Donald William Crisp (27 July 188225 May 1974) was an English film actor as well as an early producer, director and screenwriter. His career lasted from the early silent film era into the 1960s. He won an Academy Award for Best Supporting Actor in 1942 for his performance in How Green Was My Valley.

Early life
Donald Crisp was born George William Crisp in Bow, London, in a family home on 27 July 1882. He was the youngest of ten children (four boys and six girls) born to Elizabeth (née Christy) and James Crisp, a labourer. He was educated locally and in 1901 was living with his parents and working as a driver of a horse-drawn vehicle.

Crisp made a number of claims about his early life that were eventually proven false decades after his death. He claimed that he was born in 1880 in Aberfeldy in Perthshire, Scotland, and even went so far as to maintain a Scottish accent throughout his life in Hollywood. In fact, he had no connections to Scotland, but in 1996, a plaque commemorating him was unveiled by Scottish comedian Jimmy Logan in Crisp's supposed hometown of Aberfeldy. He claimed on alternative occasions that his father was a cattle farmer, a country doctor or a royal physician to King Edward VII. He also claimed that he was educated at Eton and Oxford, and that he served as a trooper in the 10th Hussars in the Boer War.

Early career

While travelling on the SS Carmania to the United States in July 1906, Crisp's singing talents during a ship's concert caught the attention of opera impresario John C. Fisher, who immediately offered him a job with his company. Crisp spent his first year in New York City in the Grand Opera, and the following year as a stage director. It was while touring with the company in the United States and Cuba that Crisp first became interested in the theatre. By 1910, Crisp, now using the name Donald (he retained George as a middle name), was working as a stage manager for the renowned entertainer, composer, playwright and director George M. Cohan. It was during this time he met and befriended film director D.W. Griffith. When Griffith ventured west, to seek his fortune in Hollywood in 1912, Crisp accompanied him. 

From 1908 to 1930, Crisp, in addition to directing dozens of films, also appeared in nearly 100 silent films, though many in bit or small parts. One notable exception was his casting by Griffith as General Ulysses S. Grant in Griffith's landmark film The Birth of a Nation in 1915. Another was his role in Griffith's 1919 film Broken Blossoms as "Battling Burrows", the brutal and abusive father of the film's heroine, Lucy Burrows (played by Lillian Gish; the actress was only 11 years his junior).

Director
Crisp worked as an assistant to Griffith for several years and learned much during this time from Griffith, an early master of film story telling who was influential in advancing a number of early techniques, such as cross cutting in editing his films. This experience fostered a similar passion in Crisp to become a director in his own right. His first directing credit was Little Country Mouse, made in 1914. Many directors (and actors) would find themselves turning out a dozen or more films in a single year at this time. Over the next fifteen years, Crisp directed some 70 films in all, most notably The Navigator (1924) with Buster Keaton and Don Q, Son of Zorro (1925) with Douglas Fairbanks.
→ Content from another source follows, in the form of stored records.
lemma sum_digits_less_power:
  assumes "\<forall>i<r. c i < (p::nat)"
  shows "(\<Sum>i<r. c i * p ^ i) < p ^ r"
  using assms
proof (induction r arbitrary: c)
  case 0
  then show ?case by simp
next
  case (Suc r)
  have tail: "(\<Sum>i<r. c (Suc i) * p ^ i) < p ^ r" using Suc by auto
  have "c 0 + p * (\<Sum>i<r. c (Suc i) * p ^ i) < p + p * (\<Sum>i<r. c (Suc i) * p ^ i)"
    using Suc.prems by simp
  also have "\<dots> = p * ((\<Sum>i<r. c (Suc i) * p ^ i) + 1)" by (simp add: algebra_simps)
  also have "\<dots> \<le> p * p ^ r" using tail by (intro mult_left_mono) auto
  finally show ?case by (simp only: sum_digits_Suc power_Suc)
qed

lemma sum_digits_nth_digit:
  assumes "\<forall>i<r. c i < (p::nat)" and "i < r"
  shows "(\<Sum>j<r. c j * p ^ j) div p ^ i mod p = c i"
  using assms
proof (induction r arbitrary: c i)
  case 0
  then show ?case by simp
next
  case (Suc r)
  have c0: "c 0 < p" using Suc.prems by auto
  show ?case
  proof (cases i)
    case 0
    then show ?thesis using c0 by (simp only: sum_digits_Suc) simp
  next
    case (Suc i')
    have "(\<Sum>j<Suc r. c j * p ^ j) div p ^ Suc i'
        = (c 0 + p * (\<Sum>j<r. c (Suc j) * p ^ j)) div p div p ^ i'"
      by (simp only: sum_digits_Suc div_mult2_eq power_Suc)
    also have "\<dots> = (\<Sum>j<r. c (Suc j) * p ^ j) div p ^ i'" using c0 by simp
    finally show ?thesis using Suc.IH[of "\<lambda>j. c (Suc j)" i'] Suc.prems \<open>i = Suc i'\<close> by simp
  qed
qed

lemma sum_nth_digits:
  assumes "x < (p::nat) ^ r" and "0 < p"
  shows "(\<Sum>i<r. (x div p ^ i mod p) * p ^ i) = x"
  using assms
proof (induction r arbitrary: x)
  case 0
  then show ?case by simp
next
  case (Suc r)
  have "x div p < p ^ r" using Suc.prems by (simp add: less_mult_imp_div_less mult.commute)
  then have tail: "(\<Sum>i<r. (x div p div p ^ i mod p) * p ^ i) = x div p" using Suc by auto
  have "(\<Sum>i<Suc r. (x div p ^ i mod p) * p ^ i)
      = x mod p + p * (\<Sum>i<r. (x div p ^ Suc i mod p) * p ^ i)"
    by (subst sum_digits_Suc) simp
  also have "\<dots> = x mod p + p * (x div p)" using tail by (simp add: div_mult2_eq)
  finally show ?case by simp
qed

lemma nth_digits_eq_imp_eq:
  assumes "x < (p::nat) ^ r" and "y < p ^ r" and "0 < p"
    and "\<And>i. i < r \<Longrightarrow> x div p ^ i mod p = y div p ^ i mod p"
  shows "x = y"
proof -
  have "x = (\<Sum>i<r. (x div p ^ i mod p) * p ^ i)" using sum_nth_digits[OF assms(1,3)] by (rule sym)
  also have "\<dots> = (\<Sum>i<r. (y div p ^ i mod p) * p ^ i)" using assms(4) by simp
  also have "\<dots> = y" using assms(2,3) by (rule sum_nth_digits)
  finally show ?thesis .
qed

lemma digsum_0 [simp]: "digsum p 0 = 0"
  by (subst digsum.simps) simp

lemma digsum_add_digit:
  assumes "1 < p" and "c < p"
  shows "digsum p (c + p * y) = c + digsum p y"
proof (cases "c + p * y = 0")
  case False
  then show ?thesis using assms by (subst digsum.simps) simp
qed (use assms in simp)

lemma digsum_sum_digits:
  assumes "1 < p" and "\<forall>i<r. c i < p"
  shows "digsum p (\<Sum>i<r. c i * p ^ i) = (\<Sum>i<r. c i)"
  using assms(2)
proof (induction r arbitrary: c)
  case 0
  then show ?case by simp
next
  case (Suc r)
  have "digsum p (\<Sum>i<Suc r. c i * p ^ i) = digsum p (c 0 + p * (\<Sum>i<r. c (Suc i) * p ^ i))"
    by (simp only: sum_digits_Suc)
  also have "\<dots> = c 0 + (\<Sum>i<r. c (Suc i))" using Suc assms(1) by (simp add: digsum_add_digit)
  finally show ?case by (simp only: sum.lessThan_Suc_shift)
qed

section \<open>Cyclic rotation of digits\<close>

text \<open>Multiplication by p modulo p^r - 1 rotates the r base-p digits of a number cyclically,
  the digit t leaving at the top reappearing at the bottom.\<close>

lemma shift_eqI:
  assumes p: "2 \<le> p" and r: "1 \<le> r" and x: "x \<le> p ^ r - 1" and y: "y \<le> p ^ r - 1"
    and t: "t < p" and eq: "p * x + t = y + p ^ r * t"
  shows "shift p r x = y"
proof -
  have pr: "2 \<le> p ^ r" using p r by (rule power_ge_two)
  have eq': "p * x = y + (p ^ r - 1) * t" using eq pr by (simp add: algebra_simps diff_mult_distrib)
  show ?thesis
  proof (cases "x \<le> p ^ r - 2")
    case True
    have "y \<noteq> p ^ r - 1"
    proof
      obtain q where q: "p ^ r = Suc q" using pr by (cases "p ^ r") auto
      assume "y = p ^ r - 1"
      then have px: "p * x = q * (t + 1)" using eq' q by simp
      then have "p * x + (t + 1) = p ^ r * (t + 1)" using q by simp
      moreover have "p dvd p ^ r * (t + 1)" using r by (simp add: dvd_power)
      ultimately have "p dvd t + 1" by (metis dvd_add_right_iff dvd_triv_left)
      then have "t + 1 = p" using t by (auto dest: dvd_imp_le)
      then have "x = p ^ r - 1" using px p q by (simp add: mult.commute)
      then show False using True pr by simp
    qed
    then have "(p * x) mod (p ^ r - 1) = y" using eq' y by simp
    then show ?thesis using True by (simp add: shift_def)
  next
    case False
    then have x_top: "x = p ^ r - 1" using x by simp
    have "(p ^ r - 1) * (p - t) + (p ^ r - 1) * t = (p ^ r - 1) * p"
      using t by (simp add: add_mult_distrib2[symmetric])
    then have "y = (p ^ r - 1) * (p - t)" using eq' x_top by (simp add: mult.commute)
    moreover have "1 \<le> p - t" using t by simp
    ultimately have "p ^ r - 1 \<le> y" by (metis mult_le_mono2 mult_1_right)
    then show ?thesis using y False by (simp add: shift_def)
  qed
qed

definition window_num :: "nat \<Rightarrow> nat \<Rightarrow> (nat \<Rightarrow> nat) \<Rightarrow> nat \<Rightarrow> nat" where
  "window_num p r c s = (\<Sum>j<r. c (s + j) * p ^ j)"

lemma window_num_periodic:
  assumes "\<forall>i. c (i + r) = c i"
  shows "window_num p r c (s + r) = window_num p r c s"
proof -
  have "c (s + r + j) = c (s + j)" for j using assms[rule_format, of "s + j"] by (simp add: add_ac)
  then show ?thesis by (simp add: window_num_def)
qed

lemma window_num_Suc:
  assumes "\<forall>i. c (i + r) = c i"
  shows "p * window_num p r c (Suc s) + c s = window_num p r c s + p ^ r * c s"
proof -
  have "(\<Sum>j<Suc r. c (s + j) * p ^ j) = c s + p * window_num p r c (Suc s)"
    unfolding sum_digits_Suc window_num_def by simp
  moreover have "(\<Sum>j<Suc r. c (s + j) * p ^ j) = window_num p r c s + c s * p ^ r"
    using assms[rule_format, of s] by (simp add: window_num_def add.commute)
  ultimately show ?thesis by (simp add: mult.commute)
qed

lemma window_num_nth_digits:
  assumes "x < p ^ r" and "0 < p"
  shows "window_num p r (\<lambda>i. x div p ^ (i mod r) mod p) 0 = x"
  using sum_nth_digits[OF assms] by (simp add: window_num_def)

lemma sum_window_num_Suc:
  fixes w :: "nat \<Rightarrow> nat ^ 'n \<Rightarrow> nat"
  assumes per: "\<forall>i d. w (i + r) d = w i d" and p: "0 < p"
  shows "p * (\<Sum>d\<in>D. d $ j * window_num p r (\<lambda>i. w i d) (Suc s))
    = (\<Sum>d\<in>D. d $ j * window_num p r (\<lambda>i. w i d) s) + (p ^ r - 1) * (\<Sum>d\<in>D. d $ j * w s d)"
proof -
  have step: "p * window_num p r (\<lambda>i. w i d) (Suc s)
      = window_num p r (\<lambda>i. w i d) s + (p ^ r - 1) * w s d" for d
    using window_num_Suc[of "\<lambda>i. w i d" r p s] per p by (simp add: diff_mult_distrib)
  have "p * (\<Sum>d\<in>D. d $ j * window_num p r (\<lambda>i. w i d) (Suc s))
      = (\<Sum>d\<in>D. d $ j * (p * window_num p r (\<lambda>i. w i d) (Suc s)))"
    by (simp add: sum_distrib_left mult_ac)
  also have "\<dots> = (\<Sum>d\<in>D. d $ j * window_num p r (\<lambda>i. w i d) s + (p ^ r - 1) * (d $ j * w s d))"
    by (simp only: step distrib_left mult_ac)
  finally show ?thesis by (simp add: sum.distrib sum_distrib_left)
qed

lemma window_num_less:
  assumes "\<forall>i. c i < p"
  shows "window_num p r c s < p ^ r"
  unfolding window_num_def by (rule sum_digits_less_power) (use assms in auto)

lemma shift_window_num:
  assumes per: "\<forall>i. c (i + r) = c i" and digits: "\<forall>i. c i < p" and p: "2 \<le> p" and r: "1 \<le> r"
  shows "shift p r (window_num p r c s) = window_num p r c (s + (r - 1))"
proof -
  have bound: "window_num p r c s' \<le> p ^ r - 1" for s'
    using window_num_less[OF digits, of r s'] by simp
  have "Suc (s + (r - 1)) = s + r" using r by simp
  then have "p * window_num p r c s + c (s + (r - 1))
      = window_num p r c (s + (r - 1)) + p ^ r * c (s + (r - 1))"
    using window_num_Suc[OF per, of p "s + (r - 1)"] window_num_periodic[OF per, of p s] by simp
  then show ?thesis using bound digits by (intro shift_eqI[OF p r]) auto
qed

lemma funpow_shift_window_num:
  assumes "\<forall>i. c (i + r) = c i" and "\<forall>i. c i < p" and "2 \<le> p" and "1 \<le> r"
  shows "(shift p r ^^ n) (window_num p r c s) = window_num p r c (s + n * (r - 1))"
  by (induction n) (simp_all add: shift_window_num[OF assms] add_ac)

lemma sum_window_num_eq:
  fixes a :: "nat \<Rightarrow> nat ^ 'n" and w :: "nat \<Rightarrow> nat ^ 'n \<Rightarrow> nat"
  assumes chain: "\<And>i. p * a (Suc i) $ j = a i $ j + (\<Sum>d\<in>D. w i d * d $ j)"
    and per: "a (s + r) = a s"
  shows "(\<Sum>d\<in>D. d $ j * window_num p r (\<lambda>i. w i d) s) = (p ^ r - 1) * a s $ j"
proof -
  have telescope: "p ^ k * a (s + k) $ j = a s $ j + (\<Sum>i<k. p ^ i * (\<Sum>d\<in>D. w (s + i) d * d $ j))"
    for k
  proof (induction k)
    case (Suc k)
    have "p ^ Suc k * a (s + Suc k) $ j = p ^ k * (a (s + k) $ j + (\<Sum>d\<in>D. w (s + k) d * d $ j))"
      using chain[of "s + k"] by simp
    then show ?case using Suc by (simp add: algebra_simps)
  qed simp
  have "(\<Sum>d\<in>D. d $ j * window_num p r (\<lambda>i. w i d) s)
      = (\<Sum>d\<in>D. \<Sum>i<r. p ^ i * (w (s + i) d * d $ j))"
    unfolding window_num_def by (simp add: sum_distrib_left mult_ac)
  also have "\<dots> = (\<Sum>i<r. p ^ i * (\<Sum>d\<in>D. w (s + i) d * d $ j))"
    by (subst sum.swap) (simp add: sum_distrib_left)
  finally show ?thesis using telescope[of r] per by (simp add: diff_mult_distrib)
qed

section \<open>Closed walks\<close>

text \<open>A closed walk of length r encodes an element U of E_{D,p}(r): its i-th label is the vector of
  i-th base-p digits of U, and its sources are the support values \<phi>_U(0), \<phi>_U(-1), \<phi>_U(-2), ....\<close>

type_synonym 'n edge = "(nat ^ 'n \<Rightarrow> nat) \<times> (nat ^ 'n) \<times> (nat ^ 'n)"

abbreviation edge_label :: "'n edge \<Rightarrow> nat ^ 'n \<Rightarrow> nat" where
  "edge_label e \<equiv> fst e"

abbreviation edge_src :: "'n edge \<Rightarrow> nat ^ 'n" where
  "edge_src e \<equiv> fst (snd e)"

abbreviation edge_tgt :: "'n edge \<Rightarrow> nat ^ 'n" where
  "edge_tgt e \<equiv> snd (snd e)"

definition is_edge :: "(nat ^ 'n) set \<Rightarrow> nat \<Rightarrow> 'n edge \<Rightarrow> bool" where
  "is_edge D p e \<longleftrightarrow> (\<forall>d\<in>D. edge_label e d < p) \<and> (\<forall>j. 0 < edge_src e $ j) \<and>
     (\<forall>j. p * edge_tgt e $ j = edge_src e $ j + (\<Sum>d\<in>D. edge_label e d * d $ j))"

fun is_walk :: "(nat ^ 'n) set \<Rightarrow> nat \<Rightarrow> nat ^ 'n \<Rightarrow> 'n edge list \<Rightarrow> nat ^ 'n \<Rightarrow> bool" where
  "is_walk D p u [] v \<longleftrightarrow> u = v"
| "is_walk D p u (e # es) v \<longleftrightarrow> is_edge D p e \<and> edge_src e = u \<and> is_walk D p (edge_tgt e) es v"

definition closed_walk :: "(nat ^ 'n) set \<Rightarrow> nat \<Rightarrow> 'n edge list \<Rightarrow> bool" where
  "closed_walk D p xs \<longleftrightarrow> xs \<noteq> [] \<and> is_walk D p (edge_src (hd xs)) xs (edge_src (hd xs))"

definition walk_weight :: "(nat ^ 'n) set \<Rightarrow> 'n edge list \<Rightarrow> nat" where
  "walk_weight D xs = (\<Sum>e\<leftarrow>xs. \<Sum>d\<in>D. edge_label e d)"

definition walk_element :: "(nat ^ 'n) set \<Rightarrow> nat \<Rightarrow> 'n edge list \<Rightarrow> nat ^ 'n \<Rightarrow> nat" where
  "walk_element D p xs = (\<lambda>d\<in>D. \<Sum>i<length xs. edge_label (xs ! i) d * p ^ i)"

lemma walk_weight_Nil [simp]: "walk_weight D [] = 0"
  by (simp add: walk_weight_def)

lemma walk_weight_Cons [simp]: "walk_weight D (e # es) = (\<Sum>d\<in>D. edge_label e d) + walk_weight D es"
  by (simp add: walk_weight_def)

lemma walk_weight_append [simp]: "walk_weight D (xs @ ys) = walk_weight D xs + walk_weight D ys"
  by (simp add: walk_weight_def)

lemma walk_weight_conv_nth: "walk_weight D xs = (\<Sum>i<length xs. \<Sum>d\<in>D. edge_label (xs ! i) d)"
  unfolding walk_weight_def sum_list_sum_nth by (simp add: lessThan_atLeast0)

lemma is_walk_append: "is_walk D p u (xs @ ys) v \<longleftrightarrow> (\<exists>m. is_walk D p u xs m \<and> is_walk D p m ys v)"
  by (induction xs arbitrary: u) auto

lemma is_walk_hd: "is_walk D p u xs v \<Longrightarrow> xs \<noteq> [] \<Longrightarrow> edge_src (hd xs) = u"
  by (cases xs) auto

lemma is_walk_nth:
  assumes "is_walk D p u xs v" and "k < length xs"
  shows "is_edge D p (xs ! k) \<and>
    edge_tgt (xs ! k) = (if Suc k < length xs then edge_src (xs ! Suc k) else v)"
  using assms
proof (induction xs arbitrary: u k)
  case (Cons e es)
  then show ?case by (cases k; cases es) auto
qed simp

lemma is_walk_take_drop:
  assumes "is_walk D p u xs v" and "n < length xs"
  shows "is_walk D p u (take n xs) (edge_src (xs ! n))" and "is_walk D p (edge_src (xs ! n)) (drop n xs) v"
proof -
  obtain m where m: "is_walk D p u (take n xs) m" "is_walk D p m (drop n xs) v"
    using assms(1) is_walk_append[of D p u "take n xs" "drop n xs" v] by auto
  have "m = edge_src (xs ! n)" using is_walk_hd[OF m(2)] assms(2) by (simp add: hd_drop_conv_nth)
  then show "is_walk D p u (take n xs) (edge_src (xs ! n))" "is_walk D p (edge_src (xs ! n)) (drop n xs) v"
    using m by simp_all
qed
When asked later by an interviewer why he eventually gave up directing and returned full-time to acting, Crisp commented that directing had become extremely wearisome because he was so often called upon, if not forced, to do favours for studio chiefs by agreeing to employ their relatives in his films. His final directorial effort was the film The Runaway Bride (1930).

Military career
Between working for Griffith and other producers, along with his many acting roles, Crisp managed to return to the U.K., serving in British army intelligence during the First World War (1914–1918). Crisp became an American citizen in 1930; during the Second World War (1939–1945), he served in the United States Army Reserve, attaining the rank of colonel.

Return to acting

With the advent of "talkies", Crisp abandoned directing and devoted himself entirely to acting after 1930. He became a much sought after character actor. Throughout the 1930s and 1940s, he appeared in a wide range of roles alongside some of the era's biggest stars, including Katharine Hepburn in The Little Minister (1934) and A Woman Rebels (1936), Charles Laughton and Clark Gable in Mutiny on the Bounty (1935), Bette Davis and Henry Fonda in That Certain Woman (1937) and Jezebel (1938), Laurence Olivier in Wuthering Heights (1939), Errol Flynn in The Private Lives of Elizabeth and Essex (1939) and The Sea Hawk (1940) and Gregory Peck in The Valley of Decision (1945).
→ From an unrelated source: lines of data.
lemma conjp_mem_centralizer_stab:
  assumes p: "bij p" and p_norm: "(\<lambda>h. conjp h p) ` G = G"
    and lam: "lam \<in> centralizer G (stab G x)"
  shows "conjp lam p \<in> centralizer G (stab G (p x))"
proof -
  have "conjp lam p \<circ> h = h \<circ> conjp lam p" if "h \<in> stab G (p x)" for h
  proof -
    obtain k where k: "k \<in> G" "h = conjp k p"
      using \<open>h \<in> stab G (p x)\<close> p_norm by (auto simp: stab_def)
    have "p (k x) = p x"
      using that k conjp_apply[OF p, of k x] by (simp add: stab_def)
    then have "k \<in> stab G x"
      using k(1) p by (simp add: stab_def bij_is_inj inj_eq)
    then have "lam \<circ> k = k \<circ> lam"
      using lam by (simp add: centralizer_def)
    then show ?thesis
      using k(2) by (simp add: conjp_comp[OF p, symmetric])
  qed
  moreover have "conjp lam p \<in> G"
    using lam p_norm by (auto simp: centralizer_def)
  ultimately show ?thesis
    by (simp add: centralizer_def)
qed

lemma
  assumes "orbit_reps X G R" and "y \<in> X"
  shows rep_mem: "rep G R y \<in> R" and orbit_rep: "orbit G (rep G R y) = orbit G y"
  using theI'[of "\<lambda>x. x \<in> R \<and> orbit G x = orbit G y"] assms
  unfolding orbit_reps_def rep_def by auto

lemma rep_eq_iff:
  assumes "orbit_reps X G R" and "z \<in> R" and "y \<in> X"
  shows "rep G R y = z \<longleftrightarrow> orbit G z = orbit G y"
proof
  show "rep G R y = z \<Longrightarrow> orbit G z = orbit G y"
    using orbit_rep[OF assms(1,3)] by simp
  have "\<exists>!x. x \<in> R \<and> orbit G x = orbit G y"
    using assms(1,3) by (simp add: orbit_reps_def)
  then show "orbit G z = orbit G y \<Longrightarrow> rep G R y = z"
    unfolding rep_def using assms(2) by (blast intro: the1_equality)
qed

lemma inj_on_orbit_reps:
  assumes "orbit_reps X G R"
  shows "inj_on (orbit G) R"
proof
  fix a b assume "a \<in> R" "b \<in> R" "orbit G a = orbit G b"
  moreover have "b \<in> X"
    using assms \<open>b \<in> R\<close> by (auto simp: orbit_reps_def)
  ultimately have "rep G R b = a" and "rep G R b = b"
    using rep_eq_iff[OF assms] by blast+
  then show "a = b" by simp
qed

lemma bij_betw_orbit_reps:
  assumes "orbit_reps X G R"
  shows "bij_betw (orbit G) R (orbits X G)"
proof (rule bij_betw_imageI)
  show "inj_on (orbit G) R"
    using assms by (rule inj_on_orbit_reps)
  have "orbit G y \<in> orbit G ` R" if "y \<in> X" for y
    using rep_mem[OF assms that] orbit_rep[OF assms that] by (metis image_eqI)
  then show "orbit G ` R = orbits X G"
    using assms by (auto simp: orbits_def orbit_reps_def)
qed

lemma permutes_graph_degrees:
  assumes "\<pi> permutes V" and "\<forall>u\<in>V. \<forall>w\<in>V. E u w \<longleftrightarrow> \<pi> u = w" and "v \<in> V"
  shows "card {u\<in>V. E u v} = 1" and "card {w\<in>V. E v w} = 1"
proof -
  have "{u\<in>V. E u v} = {inv \<pi> v}"
    using assms by (auto simp: permutes_inv_eq permutes_in_image permutes_inv permutes_inverses)
  then show "card {u\<in>V. E u v} = 1" by simp
  have "{w\<in>V. E v w} = {\<pi> v}"
    using assms by (auto simp: permutes_in_image)
  then show "card {w\<in>V. E v w} = 1" by simp
qed

locale gamma_r_digraph =
  fixes X :: "'a set" and G :: "('a \<Rightarrow> 'a) set" and f :: "'a \<Rightarrow> 'a"
    and R :: "'a set" and gy :: "'a \<Rightarrow> ('a \<Rightarrow> 'a)"
  assumes finite_X: "finite X" and group: "perm_group X G"
    and f_normalizer: "f \<in> normalizer X G"
    and reps: "orbit_reps X G R" and transversal: "transversal_choice X G R gy"
begin

lemma f_permutes: "f permutes X"
  using f_normalizer by (simp add: normalizer_def)

lemma f_bij: "bij f"
  using f_permutes by (rule permutes_bij)

lemma conjp_f_image: "(\<lambda>h. conjp h f) ` G = G"
  using f_normalizer by (simp add: normalizer_def)

lemma R_subset: "R \<subseteq> X"
  using reps by (simp add: orbit_reps_def)

lemma finite_R: "finite R"
  using R_subset finite_X by (rule finite_subset)

lemma inv_f_mem: "x \<in> R \<Longrightarrow> inv f x \<in> X"
  using R_subset permutes_inv[OF f_permutes] by (auto simp: permutes_in_image)

lemma
  assumes "y \<in> X"
  shows gy_mem: "gy y \<in> G" and gy_rep: "gy y (rep G R y) = y"
  using transversal assms by (auto simp: transversal_choice_def)

lemma inv_gy: "y \<in> X \<Longrightarrow> inv (gy y) y = rep G R y"
  using gy_rep gy_mem perm_group_bij[OF group] by (metis bij_inv_eq_iff)

text \<open>The permutation \<open>wG \<mapsto> (wf)G\<close> of X/G, transported to the representatives R.\<close>
definition induced_perm :: "'a \<Rightarrow> 'a" where
  "induced_perm z = (if z \<in> R then rep G R (f z) else z)"

lemma induced_perm_mem: "z \<in> R \<Longrightarrow> induced_perm z \<in> R"
  using R_subset f_permutes rep_mem[OF reps] by (auto simp: induced_perm_def permutes_in_image)

lemma induced_perm_eq_iff:
  assumes "z \<in> R" and "x \<in> R"
  shows "induced_perm z = x \<longleftrightarrow> orbit G (f z) = orbit G x"
  using assms R_subset f_permutes rep_eq_iff[OF reps \<open>x \<in> R\<close>, of "f z"]
  by (auto simp: induced_perm_def permutes_in_image)

lemma orbit_induced_perm: "z \<in> R \<Longrightarrow> orbit G (induced_perm z) = orbit G (f z)"
  using induced_perm_eq_iff induced_perm_mem by metis

lemma rep_inv_f_eq_iff:
  assumes "z \<in> R" and "x \<in> R"
  shows "rep G R (inv f x) = z \<longleftrightarrow> induced_perm z = x"
proof -
  have "rep G R (inv f x) = z \<longleftrightarrow> orbit G z = orbit G (inv f x)"
    using rep_eq_iff[OF reps assms(1) inv_f_mem[OF assms(2)]] .
  also have "\<dots> \<longleftrightarrow> orbit G (f z) = orbit G x"
    using orbit_apply_conjp_eq_iff[OF f_bij conjp_f_image, of z "inv f x"]
    by (simp add: permutes_inverses[OF f_permutes])
  finally show ?thesis
    using induced_perm_eq_iff[OF assms] by simp
qed

lemma induced_perm_permutes: "induced_perm permutes R"
proof (rule bij_imp_permutes)
  have "inj_on induced_perm R"
  proof
    fix a b assume "a \<in> R" "b \<in> R" "induced_perm a = induced_perm b"
    then have "orbit G (f a) = orbit G (f b)"
      by (metis orbit_induced_perm)
    then have "orbit G a = orbit G b"
      using orbit_apply_conjp_eq_iff[OF f_bij conjp_f_image] by blast
    then show "a = b"
      using inj_on_orbit_reps[OF reps] \<open>a \<in> R\<close> \<open>b \<in> R\<close> by (simp add: inj_on_eq_iff)
  qed
  moreover have "induced_perm ` R = R"
    using endo_inj_surj[OF finite_R _ \<open>inj_on induced_perm R\<close>] induced_perm_mem by blast
  ultimately show "bij_betw induced_perm R R"
    by (simp add: bij_betw_def)
qed (simp add: induced_perm_def)

definition successor :: "'a \<times> ('a \<Rightarrow> 'a) \<Rightarrow> 'a \<times> ('a \<Rightarrow> 'a)" where
  "successor u = (if u \<in> gamma_V G R then
     (let x = induced_perm (fst u) in (x, conjp (conjp (snd u) (gy (inv f x))) f))
   else u)"

lemma gamma_E_iff_successor:
  assumes "u \<in> gamma_V G R" and "v \<in> gamma_V G R"
  shows "gamma_E G R gy f u v \<longleftrightarrow> successor u = v"
proof -
  obtain z lam x kap where uv: "u = (z, lam)" "v = (x, kap)"
    by (cases u, cases v)
  then have "z \<in> R" and "x \<in> R"
    using assms by (auto simp: gamma_V_def)
  then have "inv (gy (inv f x)) (inv f x) = z \<longleftrightarrow> induced_perm z = x"
    using inv_gy[OF inv_f_mem] rep_inv_f_eq_iff by simp
  then show ?thesis
    using assms uv by (auto simp: gamma_E_def successor_def Let_def)
qed

lemma successor_mem:
  assumes "u \<in> gamma_V G R"
  shows "successor u \<in> gamma_V G R"
proof -
  obtain z lam where u: "u = (z, lam)" and z: "z \<in> R"
    and lam: "lam \<in> centralizer G (stab G z)"
    using assms by (auto simp: gamma_V_def)
  define x where "x = induced_perm z"
  define y where "y = inv f x"
  have x: "x \<in> R"
    using induced_perm_mem[OF z] by (simp add: x_def)
  have y: "y \<in> X"
    using inv_f_mem[OF x] by (simp add: y_def)
  have "gy y z = y"
    using gy_rep[OF y] rep_inv_f_eq_iff[OF z x] by (simp add: x_def y_def)
  then have "conjp lam (gy y) \<in> centralizer G (stab G y)"
    using conjp_mem_centralizer_stab[OF perm_group_bij[OF group gy_mem[OF y]]
        perm_group_conjp_image[OF group gy_mem[OF y]] lam] by simp
  then have "conjp (conjp lam (gy y)) f \<in> centralizer G (stab G x)"
    using conjp_mem_centralizer_stab[OF f_bij conjp_f_image]
    by (metis y_def permutes_inverses(1)[OF f_permutes])
  then show ?thesis
    using u assms x by (simp add: successor_def gamma_V_def Let_def x_def y_def)
qed

lemma inj_on_successor: "inj_on successor (gamma_V G R)"
proof
  fix u v assume u: "u \<in> gamma_V G R" and v: "v \<in> gamma_V G R"
    and eq: "successor u = successor v"
  obtain z lam z' lam' where uv: "u = (z, lam)" "v = (z', lam')"
    by (cases u, cases v)
  have "induced_perm z = induced_perm z'"
    using eq u v uv by (simp add: successor_def Let_def)
  then have "z = z'"
    using permutes_inj[OF induced_perm_permutes] by (simp add: inj_eq)
  define g where "g = gy (inv f (induced_perm z))"
  have "g \<in> G"
    using u uv by (auto simp: g_def gamma_V_def intro: gy_mem inv_f_mem induced_perm_mem)
  have "conjp (conjp lam g) f = conjp (conjp lam' g) f"
    using eq u v uv \<open>z = z'\<close> by (simp add: successor_def Let_def g_def)
  then have "lam = lam'"
    by (simp add: inj_eq[OF inj_conjp[OF f_bij]]
        inj_eq[OF inj_conjp[OF perm_group_bij[OF group \<open>g \<in> G\<close>]]])
  then show "u = v"
    using uv \<open>z = z'\<close> by simp
qed

lemma finite_gamma_V: "finite (gamma_V G R)"
proof (rule finite_subset)
  show "gamma_V G R \<subseteq> R \<times> {p. p permutes X}"
    using group by (auto simp: gamma_V_def centralizer_def perm_group_def)
  show "finite (R \<times> {p. p permutes X})"
    using finite_R finite_permutations[OF finite_X] by blast
qed

lemma successor_permutes: "successor permutes gamma_V G R"
proof (rule bij_imp_permutes)
  have "successor ` gamma_V G R = gamma_V G R"
    using endo_inj_surj[OF finite_gamma_V _ inj_on_successor] successor_mem by blast
  then show "bij_betw successor (gamma_V G R) (gamma_V G R)"
    using inj_on_successor by (simp add: bij_betw_def)
qed (simp add: successor_def)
A versatile supporting actor, Crisp could be equally good in lovable or sinister roles. During the same period he was playing loving father figures  or charming old codgers in classic films like National Velvet and Lassie Come Home, he also turned in a well-received performance as Commander Beach, the tormented presumptive grandfather in Lewis Allen's The Uninvited (1944). Undoubtedly, however, Crisp's most memorable role was as the taciturn but loving father in How Green Was My Valley (1941) directed by John Ford. The film received ten Oscar nominations, winning five, including Best Picture, with Crisp winning the Oscar for Best Supporting Actor in 1942.

Hollywood power broker
Crisp was an active and important liaison between the film industry and outside business interests. His extensive experience in business, the military and entertainment, including being a production and studio executive, lent itself well to this task. He became a highly valued adviser whose clear-headed forward thinking proved invaluable to the Bank of America, which was one of the leading sources of working capital for the film industry for many years (an industry whose life blood was loans). Crisp served on the bank's advisory board for several decades, including a stint as its chairman. In this role, he had the ear of its   board of directors, and many of the films eventually financed by the bank during the 1930s and 1940s got their most important approval from Crisp.

Later years and legacy
Crisp eventually became one of the more wealthy members of the film industry. His "banker's sobriety", extensive contacts and clarity of thought allowed him to make good investments, particularly in the real estate market. He continued to appear in films throughout the 1950s and into the early 1960s. During more than half a century as an actor, he appeared in as many as 400 two-reel and feature-length productions, perhaps a great deal more. John Carradine, who counted over 500 films to his own credit (the Internet Movie Database records over 300), told his son Keith, who repeated the story during a 2018 Gilbert Gottfried podcast, that only Donald Crisp had appeared in more movies. Crisp's final screen role was as Grandpa Spencer alongside former film co-stars Henry Fonda and Maureen O'Hara in the 1963 film Spencer's Mountain. This film, adapted from the novel by Earl Hamner, Jr., was the basis for the 1970s television series The Waltons.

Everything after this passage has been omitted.